Where will I sleep   
How will I ride   
What will I hunt

– May Swenson, “Question” (excerpt)

 

I remember first reading “Question” by May Swenson in college. Our poetry professor told us, straightforward, that it was about death. That the only thing we can really know about dying is that we lose our bodies, and the poem is a wondering about that—“What will that be like?” But here, the poet is not only wondering, she also fears. She asks, “What will I do?” (How can I be productive?) and, “Where will I sleep?” (Will I be able to rest?).

I recently had the experience of losing my body. One Saturday night in mid-autumn, just as the Texas sidewalks were finally giving up their summer heat, I was walking home from a concert with my husband, and I realized I couldn’t feel my feet. The next day, I couldn’t feel my hands or face, and by Monday I couldn’t walk. When we went to the emergency room, I was diagnosed with Guillain-Barre syndrome (GBS), an autoimmune disorder that destroys the nerves. For me, it caused temporary but near complete paralysis. I could only move my arms very close to my body, like a Tyrannosaurus Rex. During the worst part, I had double vision and difficulty swallowing. I couldn’t roll over, so it was hard to sleep, and I couldn’t chew very well, so it was hard to eat. What was less important than sleeping or eating, but rather emblematic of the experience for me, was the fact that I couldn’t do my own hair. Normally bouncy and curly, my hair looked sad every day. I also couldn’t drive. In my non-GBS-afflicted life, I enjoyed being behind the wheel—it made me feel free. Now, after a couple of months of physical and occupational therapy, I am still struggling with some fatigue but have my independence and full range of motion back. GBS can be a lot worse. It can be life threatening when paralysis extends to the diaphragm, and patients need to be on a respirator for many months, sometimes in a lot of pain, and many people do not fully recover. Although I was comparatively lucky, the disease came out of nowhere, and it was very scary.

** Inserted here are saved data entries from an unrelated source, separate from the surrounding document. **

(* Let $X=\{1,\dots,n\}$, $Y$ finite, $Q$ a symmetric irreducible stochastic matrix on $Y$ (notation in context). Let $1\le k\le n-1$, let $\underline a=(a_0,\dots,a_m)$ be a type with $a_0+\cdots+a_m=k+1$ and $a_0\ge1$, $\underline a'=(a_0-1,a_1,\dots,a_m)$, $A\subseteq X$ with $|A|=k$, and $F\in P_{k,\underline a',A}$. Then $$D_{k+1,\underline a}D^*_{k+1,\underline a}F=|Y|(n-k)\,F+Q_kF.$$
   Context: $Q$ acts on $L(Y)$ by $(Qf)(y)=\sum_{y'}q(y,y')f(y')$, with distinct eigenvalues $\lambda_0=1,\dots,\lambda_m$ and eigenspaces $W_0$ (constants), $W_1,\dots,W_m$; $\sum_yf(y)=0$ for $f\in W_j$, $j\ge1$. $\Theta_k$: functions $\theta$ with $\mathrm{dom}(\theta)$ a $k$-subset of $X$ and values in $Y$; $\varphi\subseteq\theta$ means $\mathrm{dom}\varphi\subseteq\mathrm{dom}\theta$ and $\theta|_{\mathrm{dom}\varphi}=\varphi$. $D_k:L(\Theta_k)\to L(\Theta_{k-1})$, $(D_kF)(\varphi)=\sum_{\theta\supseteq\varphi}F(\theta)$; $D_k^*:L(\Theta_{k-1})\to L(\Theta_k)$, $(D_k^*F)(\theta)=\sum_{\varphi\subseteq\theta}F(\varphi)$. Types $\underline a=(a_0,\dots,a_m)$, $\ell(\underline a)=a_1+\cdots+a_m$. A fundamental function of type $\underline b$ on a $k$-set $A$ is $F=\bigotimes_{j\in A}F^j$ ($F(\theta)=\prod_{j\in A}F^j(\theta(j))$ on $Y^A$, $0$ elsewhere) with each $F^j$ in some $W_{i_j}$ and exactly $b_i$ indices $j$ with $i_j=i$; $P_{k,\underline b,A}$ is their span and $P_{k,\underline b}=\bigoplus_AP_{k,\underline b,A}$. $D_{k+1,\underline a}$ is $D_{k+1}$ restricted to $P_{k+1,\underline a}$ and $D^*_{k+1,\underline a}$ is $D^*_{k+1}$ restricted to $P_{k,\underline a'}$. The operator $Q_k$ on $L(\Theta_k)$ is defined on a fundamental function $F=\bigotimes_{j\in A}F^j$ and extended linearly: for $\theta\in\Theta_k$ with $|\mathrm{dom}\theta\cap A|=k-1$, $A\setminus\mathrm{dom}\theta=\{i\}$, $\mathrm{dom}\theta\setminus A=\{i_0\}$, $(Q_kF)(\theta)=|Y|F(\bar\theta)$ if $F^i\in W_0$ and $0$ if $F^i\notin W_0$, where $\bar\theta\in Y^A$ agrees with $\theta$ on $A\setminus\{i\}$ and $\bar\theta(i)=\theta(i_0)$; for all other $\theta$, $(Q_kF)(\theta)=0$. *)

theory Defs
  imports Complex_Main
begin

definition Qop :: "('y::finite \<Rightarrow> 'y \<Rightarrow> real) \<Rightarrow> ('y \<Rightarrow> real) \<Rightarrow> 'y \<Rightarrow> real" where
  "Qop Q f y = (\<Sum>y'\<in>UNIV. Q y y' * f y')"

definition stochastic :: "('y::finite \<Rightarrow> 'y \<Rightarrow> real) \<Rightarrow> bool" where
  "stochastic Q \<longleftrightarrow> (\<forall>x y. 0 \<le> Q x y) \<and> (\<forall>x. (\<Sum>y\<in>UNIV. Q x y) = 1)"

definition irreducible_mat :: "('y::finite \<Rightarrow> 'y \<Rightarrow> real) \<Rightarrow> bool" where
  "irreducible_mat Q \<longleftrightarrow> (\<forall>x y. (x, y) \<in> {(u, v). 0 < Q u v}\<^sup>*)"

definition is_eigenvalue :: "('y::finite \<Rightarrow> 'y \<Rightarrow> real) \<Rightarrow> real \<Rightarrow> bool" where
  "is_eigenvalue Q \<mu> \<longleftrightarrow> (\<exists>f. f \<noteq> (\<lambda>_. 0) \<and> Qop Q f = (\<lambda>y. \<mu> * f y))"

definition eigen_enum :: "('y::finite \<Rightarrow> 'y \<Rightarrow> real) \<Rightarrow> (nat \<Rightarrow> real) \<Rightarrow> nat \<Rightarrow> bool" where
  "eigen_enum Q lam m \<longleftrightarrow> lam 0 = 1 \<and> inj_on lam {..m} \<and> lam ` {..m} = {\<mu>. is_eigenvalue Q \<mu>}"

definition eigsp :: "('y::finite \<Rightarrow> 'y \<Rightarrow> real) \<Rightarrow> (nat \<Rightarrow> real) \<Rightarrow> nat \<Rightarrow> ('y \<Rightarrow> real) set" where
  "eigsp Q lam i = {f. Qop Q f = (\<lambda>y. lam i * f y)}"

definition Theta :: "nat \<Rightarrow> nat \<Rightarrow> (nat \<rightharpoonup> 'y) set" where
  "Theta n k = {\<theta>. dom \<theta> \<subseteq> {1..n} \<and> card (dom \<theta>) = k}"

definition D :: "nat \<Rightarrow> nat \<Rightarrow> ((nat \<rightharpoonup> 'y) \<Rightarrow> real) \<Rightarrow> (nat \<rightharpoonup> 'y) \<Rightarrow> real" where
  "D n k F \<phi> = (\<Sum>\<theta>\<in>{\<theta>\<in>Theta n k. \<phi> \<subseteq>\<^sub>m \<theta>}. F \<theta>)"

definition Dstar :: "nat \<Rightarrow> nat \<Rightarrow> ((nat \<rightharpoonup> 'y) \<Rightarrow> real) \<Rightarrow> (nat \<rightharpoonup> 'y) \<Rightarrow> real" where
  "Dstar n k F \<theta> = (\<Sum>\<phi>\<in>{\<phi>\<in>Theta n (k - 1). \<phi> \<subseteq>\<^sub>m \<theta>}. F \<phi>)"

definition tensor :: "nat set \<Rightarrow> (nat \<Rightarrow> 'y \<Rightarrow> real) \<Rightarrow> (nat \<rightharpoonup> 'y) \<Rightarrow> real" where
  "tensor A G \<theta> = (if dom \<theta> = A then (\<Prod>j\<in>A. G j (the (\<theta> j))) else 0)"

definition fundamental :: "('y::finite \<Rightarrow> 'y \<Rightarrow> real) \<Rightarrow> (nat \<Rightarrow> real) \<Rightarrow> nat \<Rightarrow> nat set
    \<Rightarrow> (nat \<Rightarrow> nat) \<Rightarrow> (nat \<Rightarrow> 'y \<Rightarrow> real) \<Rightarrow> bool" where
  "fundamental Q lam m A b G \<longleftrightarrow>
     (\<exists>idx :: nat \<Rightarrow> nat. (\<forall>j\<in>A. idx j \<le> m \<and> G j \<in> eigsp Q lam (idx j))
        \<and> (\<forall>i\<le>m. card {j\<in>A. idx j = i} = b i))"

definition Qk :: "('y::finite \<Rightarrow> 'y \<Rightarrow> real) \<Rightarrow> (nat \<Rightarrow> real) \<Rightarrow> nat \<Rightarrow> nat set
    \<Rightarrow> (nat \<Rightarrow> 'y \<Rightarrow> real) \<Rightarrow> (nat \<rightharpoonup> 'y) \<Rightarrow> real" where
  "Qk Q lam k A G \<theta> =
     (if card (dom \<theta> \<inter> A) = k - 1 then
        (let i = the_elem (A - dom \<theta>); i0 = the_elem (dom \<theta> - A);
             \<theta>bar = (\<theta> |` (A - {i}))(i \<mapsto> the (\<theta> i0))
         in if G i \<in> eigsp Q lam 0 then real (card (UNIV :: 'y set)) * tensor A G \<theta>bar else 0)
      else 0)"

end

theory Submission imports Defs begin

text \<open>
  Since \<open>F\<close> is supported on \<open>Y\<^sup>A\<close>, the inner sum of \<open>D D* F\<close> at a \<open>(k+1)\<close>-function
  \<open>\<eta>\<close> has a single surviving term, \<open>F (\<eta>|\<^sub>A)\<close>, present iff \<open>A \<subseteq> dom \<eta>\<close>. The \<open>\<eta> \<supseteq> \<theta>\<close> are the
  one-point extensions \<open>\<theta>(j \<mapsto> y)\<close> with \<open>j \<notin> dom \<theta>\<close>, so everything depends on how
  \<open>dom \<theta>\<close> sits relative to \<open>A\<close>. If \<open>dom \<theta> = A\<close>, each of the \<open>(n - k) |Y|\<close> extensions
  contributes \<open>F \<theta>\<close>. If \<open>A - dom \<theta> = {i}\<close>, only \<open>j = i\<close> contributes, and summing a
  fundamental function over its \<open>i\<close>-th coordinate gives \<open>|Y|\<close> times the (constant) factor
  \<open>F\<^sup>i\<close> if \<open>F\<^sup>i \<in> W\<^sub>0\<close> and \<open>0\<close> otherwise, because eigenvectors of the symmetric
  stochastic \<open>Q\<close> for an eigenvalue \<open>\<noteq> 1\<close> have sum zero: this is \<open>Q\<^sub>k F\<close>. Otherwise
  nothing contributes, and \<open>F \<theta> = Q\<^sub>k F \<theta> = 0\<close>.
\<close>

section \<open>Spectral facts about Q\<close>

lemma stochastic_fixed_point_constant:
  fixes Q :: "'y::finite \<Rightarrow> 'y \<Rightarrow> real"
  assumes st: "stochastic Q" and irr: "irreducible_mat Q" and fix_f: "Qop Q f = f"
  shows "f x = f z"
proof -
  define M where "M = Max (range f)"
  obtain x0 where x0: "f x0 = M"
    unfolding M_def by (metis Max_in UNIV_not_empty finite_UNIV finite_imageI imageE image_is_empty)
  have le_M: "f y \<le> M" for y
    unfolding M_def by simp
  \<comment> \<open>Maximum principle: an average of values \<open>\<le> M\<close> equal to \<open>M\<close> forces every
      successor to attain \<open>M\<close>; irreducibility then spreads \<open>M\<close> everywhere.\<close>
  have step: "f v = M" if "f u = M" "0 < Q u v" for u v
  proof -
    have "(\<Sum>y\<in>UNIV. Q u y * (M - f y)) = M * (\<Sum>y\<in>UNIV. Q u y) - Qop Q f u"
      by (simp add: Qop_def algebra_simps sum_subtractf sum_distrib_left)
    also have "\<dots> = 0"
      using st fix_f that(1) by (simp add: stochastic_def)
    finally have "\<forall>y\<in>UNIV. Q u y * (M - f y) = 0"
      using st le_M by (subst sum_nonneg_eq_0_iff[symmetric]) (auto simp: stochastic_def)
    with that(2) show ?thesis by force
  qed
  have "f y = M" for y
  proof -
    have "(x0, y) \<in> {(u, v). 0 < Q u v}\<^sup>*"
      using irr by (simp add: irreducible_mat_def)
    then show ?thesis
      by (induction rule: rtrancl_induct) (use x0 step in auto)
  qed
  then show ?thesis by simp
qed

lemma eigenvector_sum_eq_0:
  fixes Q :: "'y::finite \<Rightarrow> 'y \<Rightarrow> real"
  assumes sym: "\<forall>x y. Q x y = Q y x" and st: "stochastic Q"
    and eigv: "Qop Q f = (\<lambda>y. \<mu> * f y)" and "\<mu> \<noteq> 1"
  shows "(\<Sum>y\<in>UNIV. f y) = 0"
proof -
  have "\<mu> * (\<Sum>y\<in>UNIV. f y) = (\<Sum>y\<in>UNIV. Qop Q f y)"
    by (simp add: eigv sum_distrib_left)
  also have "\<dots> = (\<Sum>y\<in>UNIV. \<Sum>y'\<in>UNIV. Q y y' * f y')"
    by (simp add: Qop_def)
  also have "\<dots> = (\<Sum>y'\<in>UNIV. f y' * (\<Sum>y\<in>UNIV. Q y' y))"
    by (subst sum.swap) (simp add: sum_distrib_left sym mult.commute)
  also have "\<dots> = (\<Sum>y\<in>UNIV. f y)"
    using st by (simp add: stochastic_def)
  finally have "(\<mu> - 1) * (\<Sum>y\<in>UNIV. f y) = 0"
    by (simp add: algebra_simps)
  with \<open>\<mu> \<noteq> 1\<close> show ?thesis by simp
qed

lemma sum_eigsp:
  fixes Q :: "'y::finite \<Rightarrow> 'y \<Rightarrow> real"
  assumes sym: "\<forall>x y. Q x y = Q y x" and st: "stochastic Q" and irr: "irreducible_mat Q"
    and eig: "eigen_enum Q lam m" and "i \<le> m" and f: "f \<in> eigsp Q lam i"
  shows "(\<Sum>y\<in>UNIV. f y) = (if f \<in> eigsp Q lam 0 then real (card (UNIV :: 'y set)) * f z else 0)"
proof (cases "f \<in> eigsp Q lam 0")
  case True
  then have "Qop Q f = f"
    using eig by (simp add: eigsp_def eigen_enum_def)
  then have "f y = f z" for y
    by (rule stochastic_fixed_point_constant[OF st irr])
  then have "(\<Sum>y\<in>UNIV. f y) = (\<Sum>y\<in>(UNIV :: 'y set). f z)"
    by (intro sum.cong) auto
  then show ?thesis
    using True by simp
next
  case False
  with f have "i \<noteq> 0" by metis
  with eig \<open>i \<le> m\<close> have "lam i \<noteq> 1"
    unfolding eigen_enum_def by (metis atMost_iff inj_on_contraD zero_le)
  with f False show ?thesis
    using eigenvector_sum_eq_0[OF sym st] by (simp add: eigsp_def)
qed

section \<open>One-point extensions\<close>

lemma finite_Theta: "finite (Theta n k :: (nat \<rightharpoonup> 'y::finite) set)"
proof -
  have "Theta n k \<subseteq> (\<Union>S\<in>Pow {1..n}. {m :: nat \<rightharpoonup> 'y. dom m = S \<and> ran m \<subseteq> UNIV})"
    unfolding Theta_def by auto
  moreover have "finite (\<Union>S\<in>Pow {1..n}. {m :: nat \<rightharpoonup> 'y. dom m = S \<and> ran m \<subseteq> UNIV})"
    by (intro finite_UN_I finite_Pow_iff[THEN iffD2] finite_set_of_finite_maps)
      (auto dest: finite_subset)
  ultimately show ?thesis by (rule finite_subset)
qed

lemma finite_dom_Theta: "\<theta> \<in> Theta n k \<Longrightarrow> finite (dom \<theta>)"
  unfolding Theta_def by (auto intro: finite_subset)

lemma map_le_eq_fun_upd:
  assumes "\<theta> \<subseteq>\<^sub>m \<eta>" and "dom \<eta> = insert j (dom \<theta>)"
  shows "\<eta> = \<theta>(j \<mapsto> the (\<eta> j))"
proof
  fix x
  show "\<eta> x = (\<theta>(j \<mapsto> the (\<eta> j))) x"
  proof (cases "x = j")
    case True
    have "j \<in> dom \<eta>"
      using assms(2) by simp
    with True show ?thesis by auto
  next
    case False
    with assms show ?thesis
      unfolding map_le_def by (cases "x \<in> dom \<theta>") auto
  qed
qed

lemma Theta_Suc_supersets:
  assumes \<theta>: "\<theta> \<in> Theta n k"
  shows "{\<eta>\<in>Theta n (k + 1). \<theta> \<subseteq>\<^sub>m \<eta>} = (\<lambda>(j, y). \<theta>(j \<mapsto> y)) ` (({1..n} - dom \<theta>) \<times> UNIV)"
proof (intro equalityI subsetI)
  fix \<eta> assume "\<eta> \<in> {\<eta>\<in>Theta n (k + 1). \<theta> \<subseteq>\<^sub>m \<eta>}"
  then have \<eta>: "\<eta> \<in> Theta n (k + 1)" and le: "\<theta> \<subseteq>\<^sub>m \<eta>" by auto
  have sub: "dom \<theta> \<subseteq> dom \<eta>"
    using le by (rule map_le_implies_dom_le)
  have "card (dom \<eta> - dom \<theta>) = 1"
    using \<theta> \<eta> sub finite_dom_Theta[OF \<theta>] by (simp add: card_Diff_subset Theta_def)
  then obtain j where j: "dom \<eta> - dom \<theta> = {j}"
    by (auto simp: card_1_singleton_iff)
  then have "dom \<eta> = insert j (dom \<theta>)"
    using sub by blast
  then have eq: "\<eta> = (\<lambda>(j, y). \<theta>(j \<mapsto> y)) (j, the (\<eta> j))"
    unfolding prod.case by (rule map_le_eq_fun_upd[OF le])
  have "j \<in> {1..n} - dom \<theta>"
    using j \<eta> unfolding Theta_def by blast
  then show "\<eta> \<in> (\<lambda>(j, y). \<theta>(j \<mapsto> y)) ` (({1..n} - dom \<theta>) \<times> UNIV)"
    by (intro rev_image_eqI[of "(j, the (\<eta> j))" _ \<eta> "\<lambda>(j, y). \<theta>(j \<mapsto> y)", OF _ eq]) simp
next
  fix \<eta> assume "\<eta> \<in> (\<lambda>(j, y). \<theta>(j \<mapsto> y)) ` (({1..n} - dom \<theta>) \<times> UNIV)"
  then obtain j y where j: "j \<in> {1..n}" "j \<notin> dom \<theta>" and \<eta>: "\<eta> = \<theta>(j \<mapsto> y)"
    by (elim imageE SigmaE DiffE) (simp only: prod.case, blast)
  have "\<eta> \<in> Theta n (k + 1)"
    using \<theta> j finite_dom_Theta[OF \<theta>] by (simp add: \<eta> Theta_def)
  moreover have "\<theta> \<subseteq>\<^sub>m \<eta>"
    using j by (simp add: \<eta> map_le_def)
  ultimately show "\<eta> \<in> {\<eta>\<in>Theta n (k + 1). \<theta> \<subseteq>\<^sub>m \<eta>}"
    by simp
qed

After my first hospital stay (I was hospitalized twice, for three weeks total, and then attended in-patient rehab for a week), I feared I would relapse and die. On Friday, the first night I was released, I laid on my stomach on the couch, unable able to sit up, and I tried to feel grateful that at least the cushions did not smell like hospital. I overheard my aunt and my stepmom whispering to my husband that he needed to stay positive, for my sake.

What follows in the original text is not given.